A DESUMANIDADE DO HUMANO
 

 

23 de abril de 2007

O inglês Ken Loach é um dos grandes nomes do cinema atual e seus poderosos dramas políticos, que ainda tem a capacidade de se comunicar com uma platéia educada por um universo visual diverso daquele em que o cineasta concebeu sua estética do engajamento, emocionam por via de regra. Ventos da liberdade (The wind that shakes the barley; 2006) é uma nova amostra de seu talento narrativo e de pensador lúcido do mundo contemporâneo.

Como Terra e liberdade (1995), talvez o ponto alto do cinema de Loach, em Ventos da liberdade há uma virulência que chega ao panfletário na exposição das intolerâncias radicais da conduta humana. Como a luta fratricida da guerra civil espanhola de Terra e liberdade, as escaramuças bélicas eternas entre irlandeses e ingleses na Irlanda dos anos 20 do século XX, em Ventos da liberdade, é um retrato contundente da estupidez do homem em todas as latitudes. E ninguém melhor do que Loach sabe transformar em imagens estes perigosos e dolorosos assuntos.

As características britânicas da linguagem cinematográfica de Loach, assim como ocorria com Stephen Frears em A rainha (2006), outro dos destaques do ano, se recortam especialmente na precisão dos detalhes de cores e luzes, presente em realizadores tão diferentes quanto Alfred Hitchcock e Joseph Losey. São todos, estes ingleses, preciosistas da forma, mas nunca formalistas estéreis.

Loach, todavia, vai muito além das formas cinematográficas ao mergulhar nas complexas mutações das personagens.
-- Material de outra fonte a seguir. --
lemma compact_sphere_if_finite_span:
  assumes "finite B0" and "span B0 = (UNIV :: 'a::real_normed_vector set)"
  shows "compact (sphere (0::'a) 1)"
proof -
  obtain B where "B \<subseteq> B0" and "independent B" and "B0 \<subseteq> span B"
    by (rule maximal_independent_subset)
  have "finite B"
    using \<open>B \<subseteq> B0\<close> assms(1) by (rule finite_subset)
  have span_B: "span B = UNIV"
    using span_minimal[OF \<open>B0 \<subseteq> span B\<close> subspace_span] assms(2) by auto
  obtain m where "m > 0" and m: "\<And>u. m * (\<Sum>v\<in>B. \<bar>u v\<bar>) \<le> norm (\<Sum>v\<in>B. u v *\<^sub>R v)"
    using independent_finite_norm_sum_lower_bound[OF \<open>finite B\<close> \<open>independent B\<close>] by blast
  define f :: "('a \<Rightarrow> real) \<Rightarrow> 'a" where "f u = (\<Sum>v\<in>B. u v *\<^sub>R v)" for u
  define K where "K = PiE UNIV (\<lambda>v. if v \<in> B then {-1/m..1/m} else {0::real})"
  have "compactin (product_topology (\<lambda>_. euclidean) UNIV) K"
    unfolding K_def by (subst compactin_PiE) auto
  moreover have "continuous_on UNIV f"
    unfolding f_def by (intro continuous_intros) auto
  ultimately have "compact (f ` K)"
    unfolding euclidean_product_topology compactin_euclidean_iff
    by (metis compact_continuous_image continuous_on_subset subset_UNIV)
  moreover have "sphere 0 1 \<subseteq> f ` K"
  proof
    fix x :: 'a assume "x \<in> sphere 0 1"
    obtain u where x: "x = (\<Sum>v\<in>B. u v *\<^sub>R v)"
      using span_finite[OF \<open>finite B\<close>] span_B by auto
    define u' where "u' v = (if v \<in> B then u v else 0)" for v
    have "f u' = x"
      unfolding f_def u'_def x by (rule sum.cong) auto
    have coeff_bound: "\<bar>u' v\<bar> \<le> 1 / m" for v
    proof (cases "v \<in> B")
      case True
      have "m * \<bar>u' v\<bar> \<le> m * (\<Sum>w\<in>B. \<bar>u' w\<bar>)"
        using member_le_sum[OF True, of "\<lambda>w. \<bar>u' w\<bar>"] \<open>finite B\<close> \<open>m > 0\<close> by simp
      also have "\<dots> \<le> 1"
        using m[of u'] \<open>f u' = x\<close> \<open>x \<in> sphere 0 1\<close> by (simp add: f_def)
      finally show ?thesis using \<open>m > 0\<close> by (simp add: field_simps)
    qed (use \<open>m > 0\<close> in \<open>simp add: u'_def\<close>)
    have "u' v \<in> (if v \<in> B then {-1/m..1/m} else {0})" for v
      using coeff_bound[of v] by (auto simp: u'_def abs_le_iff)
    then have "u' \<in> K"
      by (simp add: K_def PiE_UNIV_domain)
    with \<open>f u' = x\<close> show "x \<in> f ` K" by blast
  qed
  moreover have "closed (sphere (0::'a) 1)"
    unfolding sphere_def by (intro closed_Collect_eq continuous_intros)
  ultimately have "compact (f ` K \<inter> sphere 0 1)"
    by (intro compact_Int_closed)
  moreover have "f ` K \<inter> sphere 0 1 = sphere 0 1"
    using \<open>sphere 0 1 \<subseteq> f ` K\<close> by blast
  ultimately show ?thesis by simp
qed
lemma T_seq_le:
  assumes "cm \<ge> 0" and "cs \<ge> 0" and "cr \<ge> 0"
  shows "T_seq cm cs cr Q T files (Q + m) Map Reduce \<le> cost_r cm cs Q r + cr"
proof -
  have "T_seq cm cs cr Q T files (Q + m) Map Reduce
      \<le> cm * (real r / real Q) + cs * ((real Q - real r) / (real Q * (real r + 1))) + cr"
  proof (rule T_seq_le_of_scheme[OF assignment files_pos _ T valid])
    show "real (card (Map k)) \<le> real r / real Q * real files" if "k < Q + m" for k
      using card_Map[OF that] r of_nat_mono[OF card_Map[OF that], where 'a = real]
      by (simp add: field_simps)
  qed (use r assms comm_load in \<open>auto simp: Reduce_def\<close>)
  then show ?thesis unfolding cost_r_def by simp
qed

end

lemma achieves_coded:
  assumes r: "1 \<le> r" "r < Q" and T: "T \<ge> 1" and cm: "cm \<ge> 0" and cs: "cs \<ge> 0" and cr: "cr \<ge> 0"
  shows "\<exists>N M W. N \<ge> 1 \<and> assignment_ok Q N (Q + nat \<lceil>real Q / real r\<rceil>) M W
     \<and> T_seq cm cs cr Q T N (Q + nat \<lceil>real Q / real r\<rceil>) M W \<le> cost_r cm cs Q r + cr"
proof -
  define m where "m = nat \<lceil>real Q / real r\<rceil>"
  have "real Q / real r \<le> real m" unfolding m_def by linarith
  then have "Q \<le> m * r" using r by (simp add: divide_le_eq flip: of_nat_mult)
  obtain f where f: "bij_betw f ({..<m} \<times> {S. S \<subseteq> {..<Q} \<and> card S = r}) {..<m * (Q choose r)}"
    using ex_bij_betw_finite_nat[of "{..<m} \<times> {S. S \<subseteq> {..<Q} \<and> card S = r}"]
    by (auto simp: card_cartesian_product n_subsets atLeast0LessThan)
  obtain Us where "set Us = {U. U \<subseteq> {..<Q} \<and> card U = Suc r}" "distinct Us"
    using finite_distinct_list[of "{U. U \<subseteq> {..<Q} \<and> card U = Suc r}"] by auto
  then interpret coded_scheme Q r m T f Us
    using r T f \<open>Q \<le> m * r\<close> by unfold_locales auto
  show ?thesis
    using files_pos assignment T_seq_le[OF cm cs cr] unfolding m_def by blast
qed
O irmão mais desligado e conformista, Damien, se converte num radical movido pela indignação diante da violência injusta do inimigo. Aquele que era mais intransigente, Teddy, vira conciliador, tenta o desarmamento no final e vai determinar a execução de seu próprio mano Damien porque este não quis dizer onde estão as armas do grupo. Neste confronto meio sarcástico e cruel entre irmãos para coroar o sentido perverso de Ventos da liberdade, Loach localiza o fundo do poço da natureza humana, a quanto precisamos descer para atingir a liberdade de movimentos e pensamentos; a execução de Damien por Teddy é reflexo duma execução anterior em que Damien determinou a execução dum garoto com quem conviveu desde a infância; assim como a mãe do garoto morto pragueja dizendo que nunca mais quer ver Damien, para quem ela preparava café quando pequeno, a namorada de Damien se atira contra Teddy, ao sabê-lo assassino do irmão, dizendo que desapareça da frente dela para sempre.

Pois aí está Ventos da liberdade, um filme que repõe o gosto pelo melhor cinema.